Иван Федорович Соколов в качестве заместителя командира 12-го батальона по политчасти 72-й Гвардейской Сибирской дивизии в сентябре 1941 года был отправлен из Новосибирска на Западный фронт. Ситуация, по его словам, в те осенние месяцы первого года войны была катастрофической. Фашисты неудержимо рвались к Москве, занимая все новые и новые области европейской части Советского Союза. Прибыв в начале октября под Вязьму, Соколов вскоре оказался в так называемом «Вяземском котле», когда более двух с половиной миллионов советских солдат и офицеров оказались окруженными в четырехстах с половиной километрах от столицы. Те немногие, кто выжил в те страшные дни, вспоминают их, как настоящий кошмар, ад наяву, когда только за неделю боев с нашей стороны полегло около миллиона человек. Лишь немногим удалось, избежав смерти и плена, с боями отступить к Москве и, перегруппировавшись, с новыми силами вступить в схватку с сильным и беспощадным врагом. Именно в те страшные дни, когда, порой, не оставалось ни надежды, ни сил держать в руках оружие, когда мощный шквал огня обрушивал ежеминутно на головы советских солдат сотни, тысячи килограммов смертоносного металла, происходили случаи, которые иначе, как чудесными назвать было нельзя.

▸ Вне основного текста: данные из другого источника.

(* The functions $F_\iota(r,s,i,j)=j\,L^\iota(r)\,i$, $\iota=1,\dots,n$, form a regular sequence in the coordinate ring $\mathbb{C}[T^*(\mathfrak{b}\times\mathbb{C}^n)^{rss}]$.
   Context: $\mathfrak{b}$ is the space of upper triangular complex $n\times n$ matrices, $\mathfrak{b}^*=\mathfrak{gl}_n/\mathfrak{n}^+$ ($\mathfrak{n}^+$ strictly upper triangular), and $T^*(\mathfrak{b}\times\mathbb{C}^n)^{rss}=\mathfrak{b}^{rss}\times\mathfrak{b}^*\times\mathbb{C}^n\times(\mathbb{C}^n)^*$, where $\mathfrak{b}^{rss}$ is the open set of $r\in\mathfrak{b}$ with pairwise distinct diagonal entries; $i$ is a column vector and $j$ a row vector. $L^\iota(r)=\big[\operatorname{tr}\prod_{k\ne\iota}(r-r_{kk}I)\big]^{-1}\prod_{k\ne\iota}(r-r_{kk}I)$ (the scalar equals $\prod_{k\ne\iota}(r_{\iota\iota}-r_{kk})\neq0$). *)

theory Defs
  imports Complex_Main
begin

text \<open>Coordinates on T^*(b x C^n): r_{kl} (k \<le> l) on b, s_{kl} (k \<ge> l) on b^* = gl_n/n^+,
  i_k (column vector), j_k (row vector). Indices are 0-based (0..n-1).\<close>
datatype var = Rv nat nat | Sv nat nat | Iv nat | Jv nat

fun valid_var :: "nat \<Rightarrow> var \<Rightarrow> bool" where
  "valid_var n (Rv k l) = (k \<le> l \<and> l < n)"
| "valid_var n (Sv k l) = (l \<le> k \<and> k < n)"
| "valid_var n (Iv k) = (k < n)"
| "valid_var n (Jv k) = (k < n)"

type_synonym point = "var \<Rightarrow> complex"

inductive_set polyfun :: "(point \<Rightarrow> complex) set" where
  pconst: "(\<lambda>v. c) \<in> polyfun"
| pvar: "(\<lambda>v. v x) \<in> polyfun"
| padd: "p \<in> polyfun \<Longrightarrow> q \<in> polyfun \<Longrightarrow> (\<lambda>v. p v + q v) \<in> polyfun"
| pmult: "p \<in> polyfun \<Longrightarrow> q \<in> polyfun \<Longrightarrow> (\<lambda>v. p v * q v) \<in> polyfun"
(* For every $k\in\mathcal K$, the map $S\to\mathbb Z$, $s\mapsto d_k^{ur,\dagger}(s)$, is odd dominant.
   Context: Fix a prime $p\ge7$ and $k_0\in\{2,\dots,p\}$. $\{n\}$ is the residue of $n$ mod $p-1$ in $\{0,\dots,p-2\}$. $\mathcal K=\{k\ge2:k\equiv k_0\pmod{p-1}\}$, $k_\bullet=(k-k_0)/(p-1)$. For $s\in\{0,\dots,p-2\}$: $a_s=\{k_0-2-2s\}$, $\delta_s=\lfloor\frac{s+\{a_s+s\}}{p-1}\rfloor$; if $a_s+s<p-1$, $t_1^{(s)}=s+\delta_s$, $t_2^{(s)}=a_s+s+\delta_s+2$; otherwise $t_1^{(s)}=\{a_s+s\}+\delta_s+1$, $t_2^{(s)}=s+\delta_s+1$. For $k\in\mathcal K$: $d_k^{ur,\dagger}(s)=\lfloor\frac{k_\bullet-t_1^{(s)}}{p+1}\rfloor+\lfloor\frac{k_\bullet-t_2^{(s)}}{p+1}\rfloor+2+\delta_s$. $S=\{\lceil\frac{k_0+1}{2}\rceil,\dots,\lfloor\frac{k_0+p-4}{2}\rfloor\}$. For $\phi:S\to\mathbb Z$, a pair $s<s'$ in $S$ is $\phi$-regular if $|\phi(s)-\phi(s')|\le1$ and, whenever $\phi(s)\neq\phi(s')$, $\phi(s')$ is odd; $\phi$ is odd dominant if every pair $s<s'$ in $S$ is $\phi$-regular. *)

theory Defs
  imports Complex_Main "HOL-Computational_Algebra.Primes"
begin

definition res :: "int \<Rightarrow> int \<Rightarrow> int" where
  "res p n = n mod (p - 1)"

definition a_s :: "int \<Rightarrow> int \<Rightarrow> int \<Rightarrow> int" where
  "a_s p k0 s = res p (k0 - 2 - 2 * s)"

definition delta_s :: "int \<Rightarrow> int \<Rightarrow> int \<Rightarrow> int" where
  "delta_s p k0 s = \<lfloor>real_of_int (s + res p (a_s p k0 s + s)) / real_of_int (p - 1)\<rfloor>"

definition t1 :: "int \<Rightarrow> int \<Rightarrow> int \<Rightarrow> int" where
  "t1 p k0 s = (if a_s p k0 s + s < p - 1 then s + delta_s p k0 s
                else res p (a_s p k0 s + s) + delta_s p k0 s + 1)"

definition t2 :: "int \<Rightarrow> int \<Rightarrow> int \<Rightarrow> int" where
  "t2 p k0 s = (if a_s p k0 s + s < p - 1 then a_s p k0 s + s + delta_s p k0 s + 2
                else s + delta_s p k0 s + 1)"

definition kbul :: "int \<Rightarrow> int \<Rightarrow> int \<Rightarrow> int" where
  "kbul p k0 k = (k - k0) div (p - 1)"

definition d_ur :: "int \<Rightarrow> int \<Rightarrow> int \<Rightarrow> int \<Rightarrow> int" where
  "d_ur p k0 k s =
     \<lfloor>real_of_int (kbul p k0 k - t1 p k0 s) / real_of_int (p + 1)\<rfloor>
   + \<lfloor>real_of_int (kbul p k0 k - t2 p k0 s) / real_of_int (p + 1)\<rfloor>
   + 2 + delta_s p k0 s"

definition Kset :: "int \<Rightarrow> int \<Rightarrow> int set" where
  "Kset p k0 = {k. k \<ge> 2 \<and> k mod (p - 1) = k0 mod (p - 1)}"

definition Sset :: "int \<Rightarrow> int \<Rightarrow> int set" where
  "Sset p k0 = {\<lceil>real_of_int (k0 + 1) / 2\<rceil> .. \<lfloor>real_of_int (k0 + p - 4) / 2\<rfloor>}"

definition phi_regular :: "(int \<Rightarrow> int) \<Rightarrow> int \<Rightarrow> int \<Rightarrow> bool" where
  "phi_regular \<phi> s s' \<longleftrightarrow> \<bar>\<phi> s - \<phi> s'\<bar> \<le> 1 \<and> (\<phi> s \<noteq> \<phi> s' \<longrightarrow> odd (\<phi> s'))"

definition odd_dominant :: "int set \<Rightarrow> (int \<Rightarrow> int) \<Rightarrow> bool" where
  "odd_dominant S \<phi> \<longleftrightarrow> (\<forall>s\<in>S. \<forall>s'\<in>S. s < s' \<longrightarrow> phi_regular \<phi> s s')"

end

theory Submission
  imports Defs
begin

text \<open>
  On \<open>S\<close> one has \<open>a\<^sub>s = k\<^sub>0 + p - 3 - 2s\<close>, and the two regimes \<open>s \<ge> k\<^sub>0 - 1\<close>
  (\<open>\<delta>\<^sub>s = 1\<close>) and \<open>s < k\<^sub>0 - 1\<close> (\<open>\<delta>\<^sub>s = 0\<close>) give the same closed form
  \<open>d(s) = \<lfloor>(k\<^sub>\<bullet> - s - 1)/(p+1)\<rfloor> + \<lfloor>(k\<^sub>\<bullet> - k\<^sub>0 + 1 + s)/(p+1)\<rfloor> + 2\<close>.
  For \<open>s < s'\<close> in \<open>S\<close> the four shifts \<open>k\<^sub>0-1-s' \<le> k\<^sub>0-1-s \<le> s+1 \<le> s'+1\<close> lie within
  one period \<open>p+1\<close>, so the four quotients \<open>A \<ge> B \<ge> C \<ge> D\<close> satisfy \<open>A \<le> D + 1\<close>.
  Hence \<open>d(s') = A + D + 2\<close> is odd unless all four agree, and \<open>d(s) = B + C + 2\<close>
  differs from it by at most one.
\<close>

lemma Sset_bounds:
  assumes "s \<in> Sset p k0"
  shows "k0 + 1 \<le> 2 * s" "2 * s \<le> k0 + p - 4"
proof -
  from assms have "\<lceil>real_of_int (k0 + 1) / 2\<rceil> \<le> s"
    and "s \<le> \<lfloor>real_of_int (k0 + p - 4) / 2\<rfloor>" by (auto simp: Sset_def)
  then have "real_of_int (k0 + 1) / 2 \<le> real_of_int s"
    and "real_of_int s \<le> real_of_int (k0 + p - 4) / 2"
    by (simp_all add: ceiling_le_iff le_floor_iff)
  then have "real_of_int (k0 + 1) \<le> real_of_int (2 * s)"
    and "real_of_int (2 * s) \<le> real_of_int (k0 + p - 4)" by simp_all
  then show "k0 + 1 \<le> 2 * s" "2 * s \<le> k0 + p - 4" by simp_all
qed

lemma a_s_on_Sset:
  assumes "s \<in> Sset p k0"
  shows "a_s p k0 s = k0 + p - 3 - 2 * s"
proof -
  have "k0 - 2 - 2 * s = (k0 + p - 3 - 2 * s) + (-1) * (p - 1)" by simp
  then have "(k0 - 2 - 2 * s) mod (p - 1) = (k0 + p - 3 - 2 * s) mod (p - 1)"
    by (metis mod_mult_self1)
  also have "\<dots> = k0 + p - 3 - 2 * s"
    using Sset_bounds[OF assms] by (intro mod_pos_pos_trivial) auto
  finally show ?thesis by (simp add: a_s_def res_def)
qed

lemma delta_t_on_Sset_upper:
  assumes "s \<in> Sset p k0" "2 \<le> k0" "k0 \<le> p" "k0 - 1 \<le> s"
  shows "delta_s p k0 s = 1" "t1 p k0 s = s + 1" "t2 p k0 s = k0 + p - s"
proof -
  note a = a_s_on_Sset[OF assms(1)] and b = Sset_bounds[OF assms(1)]
  have "a_s p k0 s + s = k0 + p - 3 - s" using a by simp
  then have r: "res p (a_s p k0 s + s) = k0 + p - 3 - s"
    unfolding res_def using b assms by (simp add: mod_pos_pos_trivial)
  have "(k0 + p - 3) div (p - 1) = ((k0 - 2) + 1 * (p - 1)) div (p - 1)" by simp
  also have "\<dots> = 1 + (k0 - 2) div (p - 1)" using b by (intro div_mult_self1) simp
  also have "(k0 - 2) div (p - 1) = 0" using assms b by (intro div_pos_pos_trivial) auto
  finally have "(k0 + p - 3) div (p - 1) = 1" by simp
  moreover have "s + (k0 + p - 3 - s) = k0 + p - 3" by simp
  ultimately show d: "delta_s p k0 s = 1"
    unfolding delta_s_def r floor_divide_of_int_eq by presburger
  have "a_s p k0 s + s < p - 1" using a assms by simp
  then show "t1 p k0 s = s + 1" "t2 p k0 s = k0 + p - s"
    unfolding t1_def t2_def d a by auto
qed

lemma delta_t_on_Sset_lower:
  assumes "s \<in> Sset p k0" "2 \<le> k0" "k0 \<le> p" "s < k0 - 1"
  shows "delta_s p k0 s = 0" "t1 p k0 s = k0 - 1 - s" "t2 p k0 s = s + 1"
proof -
  note a = a_s_on_Sset[OF assms(1)] and b = Sset_bounds[OF assms(1)]
  have "res p (a_s p k0 s + s) = ((k0 - 2 - s) + (p - 1)) mod (p - 1)"
    unfolding res_def a by (simp add: algebra_simps)
  also have "\<dots> = k0 - 2 - s"
    unfolding mod_add_self2 using b assms by (intro mod_pos_pos_trivial) auto
  finally have r: "res p (a_s p k0 s + s) = k0 - 2 - s" .
  show d: "delta_s p k0 s = 0"
    unfolding delta_s_def r floor_divide_of_int_eq using b assms by (simp add: div_pos_pos_trivial)
  have "\<not> a_s p k0 s + s < p - 1" using a assms by simp
  then show "t1 p k0 s = k0 - 1 - s" "t2 p k0 s = s + 1"
    unfolding t1_def t2_def d r by auto
qed

lemma d_ur_on_Sset:
  assumes "s \<in> Sset p k0" "2 \<le> k0" "k0 \<le> p"
  shows "d_ur p k0 k s =
    (kbul p k0 k - (s + 1)) div (p + 1) + (kbul p k0 k - (k0 - 1 - s)) div (p + 1) + 2"
proof (cases "k0 - 1 \<le> s")
  case True
  have "kbul p k0 k - (k0 + p - s) = (kbul p k0 k - (k0 - 1 - s)) + (-1) * (p + 1)" by simp
  moreover have "p + 1 \<noteq> 0" using Sset_bounds[OF assms(1)] by simp
  ultimately have "(kbul p k0 k - (k0 + p - s)) div (p + 1)
      = (kbul p k0 k - (k0 - 1 - s)) div (p + 1) - 1"
    by (metis div_mult_self1 diff_conv_add_uminus add.commute)
  then show ?thesis
    using delta_t_on_Sset_upper[OF assms True] unfolding d_ur_def floor_divide_of_int_eq by simp
next
  case False
  then show ?thesis
    using delta_t_on_Sset_lower[OF assms] unfolding d_ur_def floor_divide_of_int_eq by simp
qed

lemma zdiv_diff_chain:
  fixes K q a b c d :: int
  assumes "q > 0" "a \<le> b" "b \<le> c" "c \<le> d" "d - a \<le> q"
  shows "(K - d) div q \<le> (K - c) div q" "(K - c) div q \<le> (K - b) div q"
    "(K - b) div q \<le> (K - a) div q" "(K - a) div q \<le> (K - d) div q + 1"
proof -
  show "(K - d) div q \<le> (K - c) div q" "(K - c) div q \<le> (K - b) div q"
    "(K - b) div q \<le> (K - a) div q"
    using assms by (auto intro: zdiv_mono1)
  have "(K - a) div q \<le> ((K - d) + 1 * q) div q" using assms by (intro zdiv_mono1) auto
  then show "(K - a) div q \<le> (K - d) div q + 1" using assms by simp
qed

lemma phi_regular_of_quotients:
  fixes A B C D :: int
  assumes "\<phi> s = C + B + 2" "\<phi> s' = D + A + 2"
    and "D \<le> C" "C \<le> B" "B \<le> A" "A \<le> D + 1"
  shows "phi_regular \<phi> s s'"
proof (cases "A = D")
  case True
  then show ?thesis using assms by (simp add: phi_regular_def)
next
  case False
  then have "A = D + 1" using assms by simp
  then show ?thesis using assms unfolding phi_regular_def by presburger
qed

theorem mainTheorem8:
  fixes p k0 k :: int
  assumes "prime p" and "p \<ge> 7"
    and "2 \<le> k0" and "k0 \<le> p"
    and "k \<in> Kset p k0"
  shows "odd_dominant (Sset p k0) (\<lambda>s. d_ur p k0 k s)"
  unfolding odd_dominant_def
proof (intro ballI impI)
  fix s s' assume s: "s \<in> Sset p k0" and s': "s' \<in> Sset p k0" and "s < s'"
  moreover note Sset_bounds[OF s] Sset_bounds[OF s']
  ultimately have "k0 - 1 - s' \<le> k0 - 1 - s" "k0 - 1 - s \<le> s + 1" "s + 1 \<le> s' + 1"
    "(s' + 1) - (k0 - 1 - s') \<le> p + 1" by linarith+
  note chain = zdiv_diff_chain[OF _ this, of "kbul p k0 k"]
  show "phi_regular (\<lambda>s. d_ur p k0 k s) s s'"
    by (rule phi_regular_of_quotients[where \<phi> = "\<lambda>s. d_ur p k0 k s",
          OF d_ur_on_Sset[OF s assms(3,4)] d_ur_on_Sset[OF s' assms(3,4)]])
      (use chain assms in auto)
qed

end
lemma irreducible_dvd_mult_in_var:
  fixes f :: "('v::{finite,linorder}, 'a::field) mpoly"
  assumes prime_V: "irreducibles_prime_in (polys_in V :: ('v, 'a) mpoly set)" and "x \<notin> V"
    and f: "irreducible f" "vars f \<subseteq> insert x V" "x \<in> vars f"
    and gh: "vars g \<subseteq> insert x V" "vars h \<subseteq> insert x V" "f dvd g * h" "\<not> f dvd g"
  shows "f dvd h"
proof -
  have "f \<in> ext_ideal V x f g" "f \<noteq> 0"
    using ext_ideal_generators[OF f(2) gh(1)] f(1) by auto
  then obtain r where r: "r \<in> ext_ideal V x f g" "r \<noteq> 0"
    and least: "\<And>s. s \<in> ext_ideal V x f g \<Longrightarrow> s \<noteq> 0 \<Longrightarrow> degree_in x r \<le> degree_in x s"
    using ex_has_least_nat[of "\<lambda>s. s \<in> ext_ideal V x f g \<and> s \<noteq> 0" f "degree_in x"] by blast
  have "degree_in x r = 0"
    using ext_ideal_least_degree_free[OF prime_V \<open>x \<notin> V\<close> f gh(1,4) r least] .
  moreover obtain c a b where cab: "c \<noteq> 0" "vars c \<subseteq> V" "c * r = a * f + b * g"
    and "vars r \<subseteq> insert x V"
    using r(1) unfolding ext_ideal_def by blast
  ultimately have "vars (c * r) \<subseteq> V"
    using notin_vars_iff[of x r] by (intro vars_mult_subset) auto
  moreover have "(c * r) * h = (a * h) * f + b * (g * h)"
    using cab(3) by (simp add: algebra_simps)
  then have "f dvd (c * r) * h"
    using gh(3) by (simp add: dvd_add)
  ultimately show ?thesis
    using irreducible_dvd_mult_cancel_in[OF prime_V \<open>x \<notin> V\<close> f] cab(1) r(2) gh(2) by simp
qed
text \<open>The level sets of \<open>p\<close> are approximated from inside by closed sets (plus the absorbing
  beliefs 0 and 1), on which Urysohn's lemma makes a continuous kernel exact.\<close>
lemma continuous_kernel_approx:
  assumes p: "\<And>d. d \<in> {0..1} \<Longrightarrow> p d \<in> Es" and level_sets: "\<And>E. {d \<in> {0..1}. p d = E} \<in> sets borel"
    and "0 < \<eta>"
  obtains c where "experiment_kernel Es c" and "\<And>E. continuous_on UNIV (\<lambda>d. c d E)"
    and "kernel_dist Es (det_kernel p) c 0 = 0" and "kernel_dist Es (det_kernel p) c 1 = 0"
    and "(\<integral>\<^sup>+d\<in>{0..1}. ennreal (kernel_dist Es (det_kernel p) c d) \<partial>lborel) \<le> ennreal \<eta>"
proof -
  define S where "S E = {d \<in> {0..1}. p d = E}" for E
  obtain T where T: "\<And>E. closed (T E)" "\<And>E. T E \<subseteq> S E"
    and B_small: "emeasure lborel (\<Union>E\<in>Es. S E - T E) \<le> ennreal (\<eta> / 2)"
    using borel_inner_closed_family[OF finite_Es, of S "\<eta> / 2"] level_sets \<open>0 < \<eta>\<close>
    unfolding S_def by auto
  define K where "K E = T E \<union> ({0, 1} \<inter> S E)" for E
  have K_closed: "closed (K E)" for E
    unfolding K_def by (intro closed_Un[OF T(1)] finite_imp_closed) auto
  have K_S: "K E \<subseteq> S E" for E unfolding K_def using T(2) by blast
  obtain E0 where "E0 \<in> Es" using Es_nonempty by blast
  obtain c :: "real \<Rightarrow> 'e \<Rightarrow> real"
    where c_nonneg: "\<And>x E. E \<in> Es \<Longrightarrow> 0 \<le> c x E" and c_sum: "\<And>x. (\<Sum>E\<in>Es. c x E) = 1"
    and c_cont: "\<And>E. continuous_on UNIV (\<lambda>x. c x E)"
    and c_exact: "\<And>x E E'. E \<in> Es \<Longrightarrow> x \<in> K E \<Longrightarrow> c x E' = (if E' = E then 1 else 0)"
    using continuous_kernel_exact_on_closed[of Es E0 K, OF finite_Es \<open>E0 \<in> Es\<close> K_closed]
      K_S unfolding S_def by blast
  have kernels: "experiment_kernel Es (det_kernel p)" "experiment_kernel Es c"
    using experiment_kernel_det_kernel[OF finite_Es p] c_nonneg c_sum by (auto simp: experiment_kernel_def)
  have exact: "kernel_dist Es (det_kernel p) c d = 0" if "d \<in> {0..1}" "d \<in> K (p d)" for d
    using that c_exact[OF p] by (simp add: kernel_dist_def det_kernel_eq)
  define B where "B = (\<Union>E\<in>Es. S E - T E)"
  have B: "B \<in> sets borel" unfolding B_def using level_sets T(1) finite_Es by (auto simp: S_def)
  have "2 * emeasure lborel B \<le> ennreal \<eta>"
    using mult_left_mono[OF B_small[folded B_def], of 2] ennreal_mult[of 2 "\<eta> / 2"] \<open>0 < \<eta>\<close> by simp
  moreover have "d \<in> K (p d)" if "d \<in> {0..1} - B" for d
    using that p unfolding B_def K_def S_def by auto
  then have "(\<integral>\<^sup>+d\<in>{0..1}. ennreal (kernel_dist Es (det_kernel p) c d) \<partial>lborel) \<le> 2 * emeasure lborel B"
    using kernels B exact by (intro nn_integral_kernel_dist_le) auto
  moreover have "0 \<in> K (p 0)" "1 \<in> K (p 1)"
    using p by (auto simp: K_def S_def)
  ultimately show ?thesis
    using that kernels(2) c_cont exact by auto
qed

end

section \<open>Values of stationary Markov policies\<close>

locale bayes_stopping = bayes_model +
  fixes s :: "real \<Rightarrow> real"
  assumes stop_prob: "d \<in> {0..1} \<Longrightarrow> 0 \<le> s d \<and> s d \<le> 1"
    and stop_measurable [measurable]: "s \<in> borel_measurable borel"
begin

abbreviation V where
  "V c n \<equiv> markov_value disc Es X Q (Gval A R) s c n"

lemma payoff_eq_lim_markov_value:
  "payoff A R Es X Q Lam r (\<lambda>h d. s d) (\<lambda>h d E. c d E) d = lim (\<lambda>n. V c n d)"
  by (simp add: payoff_def hpay_markov disc_def)

lemma discounted_stop_le:
  assumes "d \<in> {0..1}"
  shows "0 \<le> (1 - s d) * disc" and "(1 - s d) * disc \<le> 1"
  using stop_prob[OF assms] disc_nonneg disc_less_1 by (auto intro: mult_le_one)

lemma abs_markov_value_le:
  assumes c: "experiment_kernel Es c" and "d \<in> {0..1}"
  shows "\<bar>V c n d\<bar> \<le> Gmax"
  using \<open>d \<in> {0..1}\<close>
proof (induction n arbitrary: d)
  case 0
  have "s d * \<bar>Gval A R d\<bar> \<le> \<bar>Gval A R d\<bar>"
    using stop_prob[OF 0] by (intro mult_left_le_one_le) auto
  then show ?case
    using abs_Gval_le[OF 0] stop_prob[OF 0] by (simp add: abs_mult)
next
  case (Suc n)
  have IH: "\<bar>post_mean Es X Q c (V c n) d\<bar> \<le> Gmax"
    by (rule abs_post_mean_le[OF c Suc.prems]) (rule Suc.IH)
  have "disc * \<bar>post_mean Es X Q c (V c n) d\<bar> \<le> \<bar>post_mean Es X Q c (V c n) d\<bar>"
    using disc_nonneg disc_less_1 by (intro mult_left_le_one_le) auto
  then have "(1 - s d) * disc * \<bar>post_mean Es X Q c (V c n) d\<bar> \<le> (1 - s d) * Gmax"
    using IH stop_prob[OF Suc.prems] by (simp add: mult.assoc mult_left_mono)
  moreover have "s d * \<bar>Gval A R d\<bar> \<le> s d * Gmax"
    using abs_Gval_le[OF Suc.prems] stop_prob[OF Suc.prems] by (simp add: mult_left_mono)
  moreover have "\<bar>V c (Suc n) d\<bar> \<le> s d * \<bar>Gval A R d\<bar> + (1 - s d) * disc * \<bar>post_mean Es X Q c (V c n) d\<bar>"
    using stop_prob[OF Suc.prems] disc_nonneg
    by (auto simp: markov_value.simps(2) abs_mult intro!: order.trans[OF abs_triangle_ineq])
  ultimately show ?case by (simp add: algebra_simps)
qed

lemma markov_value_Suc_diff_le:
  assumes c: "experiment_kernel Es c" and "d \<in> {0..1}"
  shows "\<bar>V c (Suc n) d - V c n d\<bar> \<le> Gmax * disc ^ Suc n"
  using \<open>d \<in> {0..1}\<close>
proof (induction n arbitrary: d)
  case 0
  have "\<bar>post_mean Es X Q c (V c 0) d\<bar> \<le> Gmax"
    using abs_post_mean_le[OF c 0 abs_markov_value_le[OF c]] .
  moreover have "(1 - s d) * disc \<le> disc"
    using stop_prob[OF 0] disc_nonneg by (intro mult_left_le_one_le) auto
  ultimately have "(1 - s d) * disc * \<bar>post_mean Es X Q c (V c 0) d\<bar> \<le> disc * Gmax"
    using discounted_stop_le[OF 0] disc_nonneg by (intro mult_mono) auto
  then show ?case
    using stop_prob[OF 0] disc_nonneg by (simp add: markov_value.simps(2) abs_mult mult.commute)
next
  case (Suc n)
  have step: "V c (Suc (Suc n)) d - V c (Suc n) d
      = (1 - s d) * disc * post_mean Es X Q c (\<lambda>y. V c (Suc n) y - V c n y) d"
    unfolding markov_value.simps(2)[where n = "Suc n" and d = d] markov_value.simps(2)[where n = n and d = d]
    by (simp add: post_mean_diff[symmetric] algebra_simps)
  have "(1 - s d) * disc \<le> disc"
    using stop_prob[OF Suc.prems] disc_nonneg by (intro mult_left_le_one_le) auto
  moreover have "\<bar>post_mean Es X Q c (\<lambda>y. V c (Suc n) y - V c n y) d\<bar> \<le> Gmax * disc ^ Suc n"
    by (rule abs_post_mean_le[OF c Suc.prems]) (rule Suc.IH)
  ultimately have "(1 - s d) * disc * \<bar>post_mean Es X Q c (\<lambda>y. V c (Suc n) y - V c n y) d\<bar>
      \<le> disc * (Gmax * disc ^ Suc n)"
    using discounted_stop_le[OF Suc.prems] disc_nonneg by (intro mult_mono) auto
  then show ?case
    unfolding step abs_mult[of "(1 - s d) * disc"] abs_of_nonneg[OF discounted_stop_le(1)[OF Suc.prems]]
    by (simp add: mult_ac)
qed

6 октября 1941 года батальон, в котором служил Соколов, занял оборону в семидесяти километрах западнее Ельни. Основной задачей Западного фронта под командованием генерал-полковника И.С. Конева, в составе которого находилась 72-я Гвардейская Сибирская дивизия, было не допустить прорыва врага на важнейшем московском направлении и тем самым выиграть время для формирования нового боеспособного резерва. Поставленная задача усложнялась тем, что на данном направлении противник имел преимущество в живой силе более чем в 2 раза, в артиллерии в 7 раз, в танках – в 8,5 раза.
Осуществляя активные наступательные действия и сломив сопротивление советских войск, противник прорвал оборону, форсировал Днепр и 7 октября 1941 года танковыми группами вышел к г.Вязьме. Именно в этот день батальону Соколова пришлось на протяжении двенадцати часов отражать беспрерывные атаки немецких танковых дивизионов. К концу дня более шестидесяти процентов личного состава батальона было выведено из строя и известие о том, что в подразделение прибыло небольшое пополнение в составе пяти человек, не слишком обрадовало командование. По документам пятеро молодых ребят вырвались из окружения из-под Андриаполя, где погиб весь их стрелковый полк. Они были братьями, родившимися где-то под Сталинградом, старшему их которых исполнилось двадцать шесть, а младшему не было и девятнадцати.
Первой странностью стало то, что молодые бойцы вечером этого же дня отказались от скромного солдатского ужина. Вместо того, чтобы лечь спать, они принялись чистить выданное оружие и укреплять доты.
На утро, с первыми лучами холодного осеннего солнца, немецкие штурмовики стали утюжить советские позиции. Из-за отсутствия средств ПВО батальон Соколова лишь слабо отбивался всеми имевшимися в их распоряжении видами стрелкового оружия. Вооруженные винтовками Мосина, прибывшие с вечера братья также принялись отражать атаки фашистской авиации. И вскоре после начала боя первый «Юнкерс» был подбит одним из братьев. Не прошло и десяти минут, как второй, шедший почти над самыми головами солдат самолет, заглох и рухнул восточнее советских позиций. Самым удивительным стало то, что вскоре один из братьев сумел подбить тяжелый немецкий бомбардировщик, шедший высоко в составе эскадрильи на Москву. «Мессершмидт» задымился, вошел в штопор и упал в пригороде Вязьмы.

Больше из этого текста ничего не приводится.